(* Let $A$ and $B$ be nonzero integers, let $g=\gcd(A,B)$, write $A=ga$, $B=gb$, and let $L$ be a positive integer such that every prime divisor of $L$ divides $g$ (i.e. $\ell=\prod_{p\nmid g}p^{\nu_p(L)}=1$). Let $\gamma(L)=\max_{p\mid g}\left\lceil \nu_p(L)/\nu_p(g)\right\rceil$ (with $\gamma(L)=0$ if $g=1$). Then $L\in G_{(A,B)}$ if and only if there exists a positive integer $K\ge\gamma(L)$. In this case $L\in G_{(A,B)}$ and every positive integer $K\ge\gamma(L)$ satisfies $L\mid(A^K+B^K)$.
   Context: For nonzero integers $x,y$, $G_{(x,y)}$ is the set of positive integers $n$ such that $n\mid(x^k+y^k)$ for some positive integer $k$. $\nu_p$ is the $p$-adic valuation; products and maxima over $p$ range over primes. *)

theory Defs
  imports "HOL-Computational_Algebra.Primes" Complex_Main
begin

definition G_set :: "int \<Rightarrow> int \<Rightarrow> nat set" where
  "G_set x y = {n. n > 0 \<and> (\<exists>k::nat. k > 0 \<and> int n dvd x ^ k + y ^ k)}"

definition gamma :: "nat \<Rightarrow> nat \<Rightarrow> nat" where
  "gamma g L = Max (insert 0
     ((\<lambda>p. nat \<lceil>real (multiplicity p L) / real (multiplicity p g)\<rceil>) ` prime_factors g))"

end

theory Submission
  imports Defs
begin

text \<open>Since every prime factor of \<open>L\<close> divides \<open>g = gcd A B\<close>, taking \<open>K \<ge> \<gamma>(L)\<close> makes
  \<open>\<nu>\<^sub>p(L) \<le> K \<nu>\<^sub>p(g) = \<nu>\<^sub>p(g\<^sup>K)\<close> for every prime \<open>p\<close>, so \<open>L\<close> divides \<open>g\<^sup>K\<close>, which
  divides \<open>A\<^sup>K + B\<^sup>K\<close>.\<close>

lemma multiplicity_le_gamma_mult:
  fixes g L p :: nat
  assumes "p \<in> prime_factors g"
  shows "multiplicity p L \<le> gamma g L * multiplicity p g"
proof -
  have pos: "multiplicity p g > 0"
    using assms by (simp add: prime_factors_multiplicity)
  let ?c = "nat \<lceil>real (multiplicity p L) / real (multiplicity p g)\<rceil>"
  have "?c \<le> gamma g L"
    unfolding gamma_def by (rule Max_ge) (use assms in auto)
  then have "real (multiplicity p L) / real (multiplicity p g) \<le> real (gamma g L)"
    by linarith
  then have "real (multiplicity p L) \<le> real (gamma g L) * real (multiplicity p g)"
    using pos by (simp add: divide_le_eq)
  then show ?thesis
    by (metis of_nat_le_iff of_nat_mult)
qed

lemma dvd_power_if_multiplicity_le:
  fixes g L K :: nat
  assumes "g \<noteq> 0" and "L \<noteq> 0"
    and prime_dvd: "\<And>p. prime p \<Longrightarrow> p dvd L \<Longrightarrow> p dvd g"
    and mult_le: "\<And>p. p \<in> prime_factors g \<Longrightarrow> multiplicity p L \<le> K * multiplicity p g"
  shows "L dvd g ^ K"
proof (rule multiplicity_le_imp_dvd)
  fix p :: nat assume p: "prime p"
  show "multiplicity p L \<le> multiplicity p (g ^ K)"
  proof (cases "p dvd L")
    case False
    then show ?thesis by (simp add: not_dvd_imp_multiplicity_0)
  next
    case True
    then have "p \<in> prime_factors g"
      using p prime_dvd \<open>g \<noteq> 0\<close> by (simp add: in_prime_factors_iff)
    then have "multiplicity p L \<le> K * multiplicity p g"
      by (rule mult_le)
    also have "\<dots> = multiplicity p (g ^ K)"
      using p \<open>g \<noteq> 0\<close> by (simp add: prime_elem_multiplicity_power_distrib)
    finally show ?thesis .
  qed
qed (use \<open>L \<noteq> 0\<close> in simp)

lemma dvd_power_if_gamma_le:
  fixes g L K :: nat
  assumes "g \<noteq> 0" and "L \<noteq> 0"
    and "\<And>p. prime p \<Longrightarrow> p dvd L \<Longrightarrow> p dvd g"
    and "gamma g L \<le> K"
  shows "L dvd g ^ K"
proof (rule dvd_power_if_multiplicity_le[OF assms(1-3)])
  fix p assume "p \<in> prime_factors g"
  then have "multiplicity p L \<le> gamma g L * multiplicity p g"
    by (rule multiplicity_le_gamma_mult)
  also have "\<dots> \<le> K * multiplicity p g"
    using \<open>gamma g L \<le> K\<close> by simp
  finally show "multiplicity p L \<le> K * multiplicity p g" .
qed

lemma gcd_power_dvd_power_add:
  fixes a b :: "'a :: semiring_gcd"
  shows "gcd a b ^ k dvd a ^ k + b ^ k"
  by (simp add: dvd_add dvd_power_same)

theorem corollary3p11:
  fixes A B :: int and L :: nat
  assumes "A \<noteq> 0" and "B \<noteq> 0" and "L > 0"
    and "\<forall>p::nat. prime p \<and> p dvd L \<longrightarrow> p dvd nat (gcd A B)"
  shows "(L \<in> G_set A B \<longleftrightarrow> (\<exists>K::nat. K > 0 \<and> K \<ge> gamma (nat (gcd A B)) L))
         \<and> L \<in> G_set A B
         \<and> (\<forall>K::nat. K > 0 \<and> K \<ge> gamma (nat (gcd A B)) L \<longrightarrow> int L dvd A ^ K + B ^ K)"
proof -
  let ?g = "nat (gcd A B)"
  have dvd_sum: "int L dvd A ^ K + B ^ K" if "gamma ?g L \<le> K" for K
  proof -
    have "?g \<noteq> 0"
      using \<open>A \<noteq> 0\<close> by (simp add: not_le)
    then have "L dvd ?g ^ K"
      using dvd_power_if_gamma_le[OF _ _ _ that] assms(3,4) by auto
    then have "int L dvd gcd A B ^ K"
      by (metis gcd_ge_0_int int_dvd_int_iff int_nat_eq of_nat_power)
    then show ?thesis
      using gcd_power_dvd_power_add dvd_trans by blast
  qed
  define K0 where "K0 = max 1 (gamma ?g L)"
  have K0: "K0 > 0 \<and> K0 \<ge> gamma ?g L"
    by (simp add: K0_def)
  then have "L \<in> G_set A B"
    unfolding G_set_def using \<open>L > 0\<close> dvd_sum by blast
  then show ?thesis
    using K0 dvd_sum by blast
qed

end
lemma heat_dissipation_bound:
  fixes w w' w'' :: "real \<Rightarrow> real"
  assumes "0 \<le> eps"
    and deriv: "\<And>x. x \<in> {0..1} \<Longrightarrow> (w has_real_derivative w' x) (at x within {0..1})"
    and deriv': "\<And>x. x \<in> {0..1} \<Longrightarrow> (w' has_real_derivative w'' x) (at x within {0..1})"
    and "continuous_on {0..1} w''" and "w 1 = 0"
  shows "integral {0..1} (\<lambda>x. 2 * w x * (eps * w'' x - c * w x))
    \<le> - 2 * eps * w 0 * w' 0 - 2 * (c + eps / 4) * integral {0..1} (\<lambda>x. (w x)\<^sup>2)"
proof -
  have "continuous_on {0..1} w" "continuous_on {0..1} w'"
    using deriv deriv' by (intro DERIV_continuous_on; auto)+
  note cont = this \<open>continuous_on {0..1} w''\<close>
  define I where "I = integral {0..1} (\<lambda>x. (w x)\<^sup>2)"
  define J where "J = integral {0..1} (\<lambda>x. (w' x)\<^sup>2)"
  have "((\<lambda>x. (w' x)\<^sup>2 + w x * w'' x) has_integral - w 0 * w' 0) {0..1}"
    using has_integral_deriv_mult_deriv[of 0 1 w w' w''] deriv deriv' \<open>w 1 = 0\<close> by simp
  then have "((\<lambda>x. ((w' x)\<^sup>2 + w x * w'' x) - (w' x)\<^sup>2) has_integral - w 0 * w' 0 - J) {0..1}"
    unfolding J_def using cont
    by (intro has_integral_diff integrable_integral integrable_continuous_interval continuous_intros)
  then have "((\<lambda>x. 2 * eps * (w x * w'' x) - 2 * c * (w x)\<^sup>2) has_integral
      2 * eps * (- w 0 * w' 0 - J) - 2 * c * I) {0..1}"
    unfolding I_def using cont
    by (intro has_integral_diff has_integral_mult_right integrable_integral
        integrable_continuous_interval continuous_intros) simp_all
  then have "integral {0..1} (\<lambda>x. 2 * w x * (eps * w'' x - c * w x)) = 2 * eps * (- w 0 * w' 0 - J) - 2 * c * I"
    by (simp add: integral_unique algebra_simps power2_eq_square)
  moreover have "eps * I \<le> eps * (4 * J)"
    unfolding I_def J_def
    using poincare_inequality_unit_interval[OF deriv] cont \<open>w 1 = 0\<close> \<open>0 \<le> eps\<close>
    by (intro mult_left_mono) auto
  ultimately show ?thesis
    unfolding I_def[symmetric] by (simp add: algebra_simps)
qed

lemma classical_heat_sol_continuous_on_slices:
  assumes "classical_heat_sol eps c t0 w wx wxx wt" and "t0 \<le> t"
  shows "continuous_on {0..1} (\<lambda>x. w x t)" and "continuous_on {0..1} (\<lambda>x. wxx x t)"
  using assms continuous_on_slice[of "{0..1}" "{t0..}" w t] continuous_on_slice[of "{0..1}" "{t0..}" wxx t]
  by (auto simp: classical_heat_sol_def)

definition energy :: "(real \<Rightarrow> real \<Rightarrow> real) \<Rightarrow> real \<Rightarrow> real" where
  "energy w t = integral {0..1} (\<lambda>x. (w x t)\<^sup>2)"

lemma energy_nonneg: "0 \<le> energy w t"
  unfolding energy_def
  by (cases "(\<lambda>x. (w x t)\<^sup>2) integrable_on {0..1}") (auto simp: integral_nonneg not_integrable_integral)

lemma energy_has_real_derivative:
  assumes sol: "classical_heat_sol eps c t0 w wx wxx wt" and "t0 \<le> t"
  shows "(energy w has_real_derivative integral {0..1} (\<lambda>x. 2 * w x t * wt x t)) (at t within {t0..})"
proof -
  note sol = sol[unfolded classical_heat_sol_def]
  have cont: "continuous_on ({t0..} \<times> {0..1}) (\<lambda>(s, x). w x s)"
    "continuous_on ({t0..} \<times> {0..1}) (\<lambda>(s, x). wt x s)"
    using sol continuous_on_swap_args by blast+
  have "((\<lambda>s. integral (cbox 0 1) (\<lambda>x. (w x s)\<^sup>2)) has_field_derivative
      integral (cbox 0 1) (\<lambda>x. 2 * w x t * wt x t)) (at t within {t0..})"
  proof (rule leibniz_rule_field_derivative)
    fix s x :: real assume "s \<in> {t0..}" "x \<in> cbox 0 1"
    then show "((\<lambda>s. (w x s)\<^sup>2) has_field_derivative 2 * w x s * wt x s) (at s within {t0..})"
      using sol by (auto intro!: derivative_eq_intros)
  next
    fix s :: real assume "s \<in> {t0..}"
    then show "(\<lambda>x. (w x s)\<^sup>2) integrable_on cbox 0 1"
      using classical_heat_sol_continuous_on_slices(1)[OF assms(1)]
      by (auto intro!: integrable_continuous_interval continuous_on_power)
  next
    show "continuous_on ({t0..} \<times> cbox 0 1) (\<lambda>(s, x). 2 * w x s * wt x s)"
      using continuous_on_mult[OF continuous_on_mult[OF continuous_on_const cont(1)] cont(2)]
      by (simp add: case_prod_unfold)
  qed (use \<open>t0 \<le> t\<close> in auto)
  then show ?thesis
    by (simp add: energy_def[abs_def])
qed

lemma classical_heat_sol_dissipation:
  assumes sol: "classical_heat_sol eps c t0 w wx wxx wt"
    and "0 \<le> eps" and "t0 \<le> t" and "w 1 t = 0"
  shows "integral {0..1} (\<lambda>x. 2 * w x t * wt x t) \<le> - 2 * eps * w 0 t * wx 0 t - 2 * (c + eps / 4) * energy w t"
proof -
  note sol = sol[unfolded classical_heat_sol_def]
  have "integral {0..1} (\<lambda>x. 2 * w x t * wt x t) = integral {0..1} (\<lambda>x. 2 * w x t * (eps * wxx x t - c * w x t))"
    using sol \<open>t0 \<le> t\<close> by (intro integral_cong) auto
  also have "\<dots> \<le> - 2 * eps * w 0 t * wx 0 t - 2 * (c + eps / 4) * energy w t"
    unfolding energy_def using sol \<open>t0 \<le> t\<close> \<open>0 \<le> eps\<close> \<open>w 1 t = 0\<close>
    by (intro heat_dissipation_bound classical_heat_sol_continuous_on_slices(2)[OF assms(1)]) auto
  finally show ?thesis .
qed

lemma gronwall_exp_decay:
  fixes V V' :: "real \<Rightarrow> real"
  assumes deriv: "\<And>s. t0 \<le> s \<Longrightarrow> (V has_real_derivative V' s) (at s within {t0..})"
    and bound: "\<And>s. t0 \<le> s \<Longrightarrow> V' s + k * V s \<le> 0"
    and "t0 \<le> t"
  shows "exp (k * (t - t0)) * V t \<le> V t0"
proof -
  have "continuous_on {t0..} V"
    using deriv by (intro DERIV_continuous_on) auto
  have "(\<lambda>s. exp (k * (s - t0)) * V s) t \<le> (\<lambda>s. exp (k * (s - t0)) * V s) t0"
  proof (rule DERIV_nonpos_imp_decreasing_open[OF \<open>t0 \<le> t\<close>])
    fix s assume s: "t0 < s" "s < t"
    have "(V has_real_derivative V' s) (at s within {t0<..})"
      by (rule DERIV_subset[OF deriv]) (use s in auto)
    then have "(V has_real_derivative V' s) (at s)"
      using at_within_open[of s "{t0<..}"] s by simp
    then have "((\<lambda>s. exp (k * (s - t0)) * V s) has_real_derivative
        exp (k * (s - t0)) * (V' s + k * V s)) (at s)"
      by (auto intro!: derivative_eq_intros simp: algebra_simps)
    moreover have "exp (k * (s - t0)) * (V' s + k * V s) \<le> 0"
      using bound[of s] s by (simp add: mult_nonneg_nonpos)
    ultimately show "\<exists>y. ((\<lambda>s. exp (k * (s - t0)) * V s) has_real_derivative y) (at s) \<and> y \<le> 0"
      by blast
  qed (use \<open>continuous_on {t0..} V\<close> in \<open>auto intro!: continuous_intros elim: continuous_on_subset\<close>)
  then show ?thesis
    by simp
qed

lemma coupled_heat_energy_decay:
  fixes w1 w1x w1xx w1t w2 w2x w2xx w2t :: "real \<Rightarrow> real \<Rightarrow> real"
  assumes "0 < a" and "0 \<le> e1" and "e2 = e1 * a\<^sup>2"
    and "g \<le> c1 + e1 / 4" and "g \<le> c2 + e2 / 4"
    and sol1: "classical_heat_sol e1 c1 t0 w1 w1x w1xx w1t"
    and sol2: "classical_heat_sol e2 c2 t0 w2 w2x w2xx w2t"
    and continuity: "\<forall>t\<ge>t0. w1 0 t = w2 0 t"
    and flux: "\<forall>t\<ge>t0. w1x 0 t + a * w2x 0 t = 0"
    and dirichlet: "\<forall>t\<ge>t0. w1 1 t = 0 \<and> w2 1 t = 0"
    and "t0 \<le> t"
  shows "exp (2 * g * (t - t0)) * (energy w1 t + energy w2 t / a) \<le> energy w1 t0 + energy w2 t0 / a"
proof (rule gronwall_exp_decay[OF _ _ \<open>t0 \<le> t\<close>])
  define D where "D w wt s = integral {0..1} (\<lambda>x. 2 * w x s * wt x s)"
    for w wt :: "real \<Rightarrow> real \<Rightarrow> real" and s
  fix s assume "t0 \<le> s"
  show "((\<lambda>s. energy w1 s + energy w2 s / a) has_real_derivative D w1 w1t s + D w2 w2t s / a)
      (at s within {t0..})"
    unfolding D_def
    by (intro DERIV_add DERIV_cdivide energy_has_real_derivative[OF sol1 \<open>t0 \<le> s\<close>]
        energy_has_real_derivative[OF sol2 \<open>t0 \<le> s\<close>])
  have "0 \<le> e2"
    using \<open>0 \<le> e1\<close> \<open>e2 = e1 * a\<^sup>2\<close> by simp
  have D1: "D w1 w1t s \<le> - 2 * e1 * w1 0 s * w1x 0 s - 2 * (c1 + e1 / 4) * energy w1 s"
    unfolding D_def using dirichlet \<open>t0 \<le> s\<close> \<open>0 \<le> e1\<close>
    by (intro classical_heat_sol_dissipation[OF sol1]) auto
  have "D w2 w2t s \<le> - 2 * e2 * w2 0 s * w2x 0 s - 2 * (c2 + e2 / 4) * energy w2 s"
    unfolding D_def using dirichlet \<open>t0 \<le> s\<close> \<open>0 \<le> e2\<close>
    by (intro classical_heat_sol_dissipation[OF sol2]) auto
  then have "D w2 w2t s / a \<le> (- 2 * e2 * w2 0 s * w2x 0 s - 2 * (c2 + e2 / 4) * energy w2 s) / a"
    using \<open>0 < a\<close> by (intro divide_right_mono) auto
  also have "\<dots> = - 2 * (e2 / a) * w2 0 s * w2x 0 s - 2 * (c2 + e2 / 4) * (energy w2 s / a)"
    using \<open>0 < a\<close> by (simp add: field_simps)
  finally have D2: "D w2 w2t s / a \<le> - 2 * (e2 / a) * w2 0 s * w2x 0 s - 2 * (c2 + e2 / 4) * (energy w2 s / a)" .
  have "g * energy w1 s \<le> (c1 + e1 / 4) * energy w1 s"
    using \<open>g \<le> c1 + e1 / 4\<close> by (intro mult_right_mono energy_nonneg)
  moreover have "g * (energy w2 s / a) \<le> (c2 + e2 / 4) * (energy w2 s / a)"
    using \<open>g \<le> c2 + e2 / 4\<close> \<open>0 < a\<close> by (intro mult_right_mono) (simp_all add: energy_nonneg)
  moreover have "e1 * w1 0 s * w1x 0 s + e2 / a * w2 0 s * w2x 0 s = 0"
  proof -
    have "e2 / a = e1 * a"
      using \<open>0 < a\<close> \<open>e2 = e1 * a\<^sup>2\<close> by (simp add: power2_eq_square)
    then have "e1 * w1 0 s * w1x 0 s + e2 / a * w2 0 s * w2x 0 s = e1 * w1 0 s * (w1x 0 s + a * w2x 0 s)"
      using continuity \<open>t0 \<le> s\<close> by (simp add: algebra_simps)
    then show ?thesis
      using flux \<open>t0 \<le> s\<close> by simp
  qed
  ultimately show "D w1 w1t s + D w2 w2t s / a + 2 * g * (energy w1 s + energy w2 s / a) \<le> 0"
    using D1 D2 by (simp add: algebra_simps)
qed

lemma sqrt_le_of_weighted_decay:
  fixes a g s E1 E2 F1 F2 :: real
  assumes "0 < a" and "a \<le> 1" and "0 \<le> E2" and "0 \<le> F1" and "0 \<le> F2"
    and decay: "exp (2 * g * s) * (E1 + E2 / a) \<le> F1 + F2 / a"
  shows "sqrt (E1 + E2) \<le> a powr (-3/2) * exp (- g * s) * sqrt (F1 + F2)"
proof -
  have "E1 + E2 \<le> E1 + E2 / a"
    using \<open>0 < a\<close> \<open>a \<le> 1\<close> \<open>0 \<le> E2\<close> by (simp add: le_divide_eq mult_left_le)
  also have "\<dots> \<le> (exp (- g * s))\<^sup>2 * (F1 + F2 / a)"
    using decay by (simp add: exp_minus field_simps flip: exp_double)
  also have "\<dots> \<le> (exp (- g * s))\<^sup>2 * ((F1 + F2) / a)"
    using \<open>0 < a\<close> \<open>a \<le> 1\<close> \<open>0 \<le> F1\<close>
    by (intro mult_left_mono) (auto simp: add_divide_distrib le_divide_eq mult_left_le)
  finally have "sqrt (E1 + E2) \<le> sqrt ((exp (- g * s))\<^sup>2 * ((F1 + F2) / a))"
    by (rule real_sqrt_le_mono)
  also have "\<dots> = exp (- g * s) * sqrt (F1 + F2) * a powr (-1/2)"
    using \<open>0 < a\<close> by (simp add: real_sqrt_mult real_sqrt_divide powr_minus_divide powr_half_sqrt)
  also have "\<dots> \<le> exp (- g * s) * sqrt (F1 + F2) * a powr (-3/2)"
    using \<open>0 < a\<close> \<open>a \<le> 1\<close> \<open>0 \<le> F1\<close> \<open>0 \<le> F2\<close> by (intro mult_left_mono powr_mono') auto
  finally show ?thesis
    by (simp add: mult_ac)
qed

lemma L2norm2_eq_sqrt_energy:
  assumes "continuous_on {0..1} (\<lambda>x. w1 x t)" and "continuous_on {0..1} (\<lambda>x. w2 x t)"
  shows "L2norm2 w1 w2 t = sqrt (energy w1 t + energy w2 t)"
  unfolding L2norm2_def energy_def using assms
  by (simp add: integral_add integrable_continuous_interval continuous_on_power)
(* For every $m\ge2$, $\mathbf{E}_m=\bigvee_{r\ge1}\mathbf{M}(\mathbf{w}_{m,r})$, where $\mathbf{w}_{m,r}=x^{m-1}t_1x^{m-1}t_2x^{m-1}\cdots t_rx^{m-1}$.
   Context: All varieties are varieties of monoids (signature: associative binary operation and identity constant $1$); identities are pairs of words over a countably infinite set of variables, and variables may be substituted by $1$. $\mathbf{O}$ is the variety defined by $xyt_1xt_2y \approx yxt_1xt_2y$, $xt_1xyt_2y \approx xt_1yxt_2y$, $xt_1yt_2xy \approx xt_1yt_2yx$. For $m\ge1$, $\mathbf{E}_m$ is the subvariety of $\mathbf{O}$ defined additionally by $x^{m+1}\approx x^m$ and $x^mt\approx tx^m$. For a word $\mathbf{w}$, the factor monoid $M(\mathbf{w})$ consists of all factors (contiguous subwords, including the empty word $1$) of $\mathbf{w}$ together with a zero $0$, with product $\mathbf{u}\cdot\mathbf{v}=\mathbf{u}\mathbf{v}$ if $\mathbf{u}\mathbf{v}$ is a factor of $\mathbf{w}$ and $0$ otherwise; $\mathbf{M}(\mathbf{w})$ is the monoid variety generated by $M(\mathbf{w})$. The join $\bigvee$ is taken in the lattice of monoid varieties (the variety generated by the union). Here $x,t_1,\dots,t_r$ are distinct variables. *)

theory Defs
  imports "HOL-Algebra.Group" "HOL-Library.Sublist"
begin

type_synonym word = "nat list"
type_synonym identity = "word \<times> word"

text \<open>Value of a word under an assignment of variables to monoid elements.
  Assigning the identity element realises substitution of variables by 1.\<close>

primrec word_eval :: "('a, 'b) monoid_scheme \<Rightarrow> (nat \<Rightarrow> 'a) \<Rightarrow> word \<Rightarrow> 'a" where
  "word_eval G \<phi> [] = \<one>\<^bsub>G\<^esub>"
| "word_eval G \<phi> (a # w) = \<phi> a \<otimes>\<^bsub>G\<^esub> word_eval G \<phi> w"

definition satisfies :: "('a, 'b) monoid_scheme \<Rightarrow> identity \<Rightarrow> bool" where
  "satisfies G idt \<longleftrightarrow>
     (\<forall>\<phi>. (\<forall>n. \<phi> n \<in> carrier G) \<longrightarrow> word_eval G \<phi> (fst idt) = word_eval G \<phi> (snd idt))"

text \<open>Variables: x = 0, y = 1, t1 = 2, t2 = 3, t = 2.\<close>

definition O_ids :: "identity set" where
  "O_ids = { ([0,1,2,0,3,1], [1,0,2,0,3,1]),
             ([0,2,0,1,3,1], [0,2,1,0,3,1]),
             ([0,2,1,3,0,1], [0,2,1,3,1,0]) }"

definition E_ids :: "nat \<Rightarrow> identity set" where
  "E_ids m = O_ids \<union> { (replicate (m+1) 0, replicate m 0),
                         (replicate m 0 @ [2], [2] @ replicate m 0) }"

definition in_E :: "nat \<Rightarrow> ('a, 'b) monoid_scheme \<Rightarrow> bool" where
  "in_E m G \<longleftrightarrow> monoid G \<and> (\<forall>idt \<in> E_ids m. satisfies G idt)"

text \<open>Factor monoid M(w): factors of w as Some u, zero as None.\<close>
definition factor_monoid :: "'x list \<Rightarrow> 'x list option monoid" where
  "factor_monoid w =
     \<lparr> carrier = insert None (Some ` {u. sublist u w}),
       mult = (\<lambda>p q. case (p, q) of
                  (Some u, Some v) \<Rightarrow> (if sublist (u @ v) w then Some (u @ v) else None)
                | _ \<Rightarrow> None),
       one = Some [] \<rparr>"

text \<open>w_{m,r} = x^(m-1) t1 x^(m-1) ... tr x^(m-1), with x = 0 and t_i = i.\<close>
definition w_mr :: "nat \<Rightarrow> nat \<Rightarrow> nat list" where
  "w_mr m r = replicate (m-1) 0 @ concat (map (\<lambda>i. i # replicate (m-1) 0) [1..<r+1])"

text \<open>Membership in the join of the varieties generated by a family of monoids:
  the join is the variety generated by the union, i.e. (Birkhoff) the class of all
  monoids satisfying every identity that holds in all members of the family.\<close>
definition in_join_M :: "nat \<Rightarrow> ('a, 'b) monoid_scheme \<Rightarrow> bool" where
  "in_join_M m G \<longleftrightarrow> monoid G \<and>
     (\<forall>idt. (\<forall>r\<ge>1. satisfies (factor_monoid (w_mr m r)) idt) \<longrightarrow> satisfies G idt)"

+-------+

Goal of the exercise | In the listing above, find the line containing "using bound[of s]" and the line containing "define D where", then retype both and every line between them exactly, with nothing else.

Solution to the exercise |
      using bound[of s] s by (simp add: mult_nonneg_nonpos)
    ultimately show "\<exists>y. ((\<lambda>s. exp (k * (s - t0)) * V s) has_real_derivative y) (at s) \<and> y \<le> 0"
      by blast
  qed (use \<open>continuous_on {t0..} V\<close> in \<open>auto intro!: continuous_intros elim: continuous_on_subset\<close>)
  then show ?thesis
    by simp
qed

lemma coupled_heat_energy_decay:
  fixes w1 w1x w1xx w1t w2 w2x w2xx w2t :: "real \<Rightarrow> real \<Rightarrow> real"
  assumes "0 < a" and "0 \<le> e1" and "e2 = e1 * a\<^sup>2"
    and "g \<le> c1 + e1 / 4" and "g \<le> c2 + e2 / 4"
    and sol1: "classical_heat_sol e1 c1 t0 w1 w1x w1xx w1t"
    and sol2: "classical_heat_sol e2 c2 t0 w2 w2x w2xx w2t"
    and continuity: "\<forall>t\<ge>t0. w1 0 t = w2 0 t"
    and flux: "\<forall>t\<ge>t0. w1x 0 t + a * w2x 0 t = 0"
    and dirichlet: "\<forall>t\<ge>t0. w1 1 t = 0 \<and> w2 1 t = 0"
    and "t0 \<le> t"
  shows "exp (2 * g * (t - t0)) * (energy w1 t + energy w2 t / a) \<le> energy w1 t0 + energy w2 t0 / a"
proof (rule gronwall_exp_decay[OF _ _ \<open>t0 \<le> t\<close>])
  define D where "D w wt s = integral {0..1} (\<lambda>x. 2 * w x s * wt x s)"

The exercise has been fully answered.